One limitation is that we did not have information about prescribed daily dose as this is not available in NorPD. We therefore assumed a daily dose of one dosage unit. As most medications used for secondary prevention of coronary heart disease are taken once daily this is a fair assumption, though some medications, particularly some antihypertensives, might have a higher daily dosage (units per day), and this would lead us to overestimate the PDC. However, a validation of the self-reported use of these medications in this population showed that a daily dose of one dosage unit a day was a more accurate assumption than one defined daily dose (DDD) a day, which would have been the alternative [27].

As in other studies evaluating refill adherence, we cannot determine that having had the medications dispensed actually means that they have been consumed by the participants. We can however be quite certain that these medications are considered in use by the participants, as previously shown in the validation study [27].

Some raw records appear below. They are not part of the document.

lemma feasible_run_enters:
  assumes "feasible_run k \<sigma> T D" "y \<notin> D a" "y \<in> D b" "a \<le> b" "b \<le> T"
  shows "\<exists>s. a < s \<and> s \<le> b \<and> \<sigma> s = y"
  using assms(4,3,5)
proof (induction b rule: dec_induct)
  case base
  with assms(2) show ?case by simp
next
  case (step t)
  then have t: "t < T" by simp
  show ?case
  proof (cases "y \<in> D t")
    case True
    with step show ?thesis by (auto intro: le_SucI)
  next
    case False
    with step.prems feasible_run_hit[OF assms(1) t] feasible_run_miss[OF assms(1) t]
    have "\<sigma> (Suc t) = y"
      by (cases "\<sigma> (Suc t) \<in> D t") (auto simp: cache_step_def)
    with step.hyps show ?thesis by (intro exI[of _ "Suc t"]) simp
  qed
qed

section \<open>The offline optimum\<close>

text \<open>The least number of misses on requests t+1, ..., t+n when starting with cache S.\<close>
fun opt_from :: "nat \<Rightarrow> (nat \<Rightarrow> 'a) \<Rightarrow> nat \<Rightarrow> nat \<Rightarrow> 'a set \<Rightarrow> nat" where
  "opt_from k \<sigma> t 0 S = 0"
| "opt_from k \<sigma> t (Suc n) S =
     (if \<sigma> (Suc t) \<in> S then opt_from k \<sigma> (Suc t) n S
      else if card S < k then Suc (opt_from k \<sigma> (Suc t) n (insert (\<sigma> (Suc t)) S))
      else Suc (Min ((\<lambda>p. opt_from k \<sigma> (Suc t) n (insert (\<sigma> (Suc t)) (S - {p}))) ` S)))"

lemma opt_from_hit: "\<sigma> (Suc t) \<in> S \<Longrightarrow> opt_from k \<sigma> t (Suc n) S = opt_from k \<sigma> (Suc t) n S"
  by simp

lemma opt_from_miss_le:
  assumes "0 < k" "\<sigma> (Suc t) \<notin> S" "cache_step k (\<sigma> (Suc t)) S S'"
  shows "opt_from k \<sigma> t (Suc n) S \<le> Suc (opt_from k \<sigma> (Suc t) n S')"
proof (cases "card S < k")
  case True
  with assms show ?thesis by (auto simp: cache_step_def)
next
  case False
  then obtain p where "p \<in> S" "S' = insert (\<sigma> (Suc t)) (S - {p})"
    using assms(3) by (auto simp: cache_step_def)
  moreover have "finite S" using False assms(1) card.infinite by fastforce
  ultimately show ?thesis using False assms(2) by (auto intro!: Min_le)
qed

lemma opt_from_miss_eq:
  assumes "0 < k" "\<sigma> (Suc t) \<notin> S"
  obtains S' where "cache_step k (\<sigma> (Suc t)) S S'"
    "opt_from k \<sigma> t (Suc n) S = Suc (opt_from k \<sigma> (Suc t) n S')"
proof (cases "card S < k")
  case True
  with assms that show ?thesis by (auto simp: cache_step_def)
next
  case False
  let ?f = "\<lambda>p. opt_from k \<sigma> (Suc t) n (insert (\<sigma> (Suc t)) (S - {p}))"
  have "finite S" "S \<noteq> {}" using False assms(1) card.infinite by fastforce+
  then have "Min (?f ` S) \<in> ?f ` S" by (intro Min_in) auto
  then obtain p where "p \<in> S" "Min (?f ` S) = ?f p" by auto
  with False assms that[of "insert (\<sigma> (Suc t)) (S - {p})"] show ?thesis
    by (auto simp: cache_step_def)
qed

When measuring PDC for combination therapies for either antihypertensive or lipid-lowering treatment, we considered a day to be covered if the participants had at least one medication available. We could therefore not determine if the participants using combination therapies used all the antihypertensive drugs or LLDs prescribed, and this might have led us to overestimate the true adherence.

Finally, and perhaps most importantly, the proportions of variance in LDL-cholesterol, and in systolic and diastolic blood pressure, explained by our models were low (4.2–9.9%), indicating that other factors also contribute to the observed variance. As this is an observational study, our results might also have been influenced by unmeasured confounders.

Conclusion

Adherence to lipid-lowering drugs, antihypertensive drugs, and acetylsalicylic acid among persons with coronary heart disease was high despite low achievement of treatment goals for blood pressure and LDL-cholesterol. Adherence to lipid-lowering drugs was significantly associated with lower LDL-cholesterol, while adherence to antihypertensive drugs was not significantly associated with either systolic or diastolic blood pressure. This suggests that these participants might not receive optimal medication treatment and that perhaps dosages or numbers or combinations of medications are insufficient. More research is needed to explore this.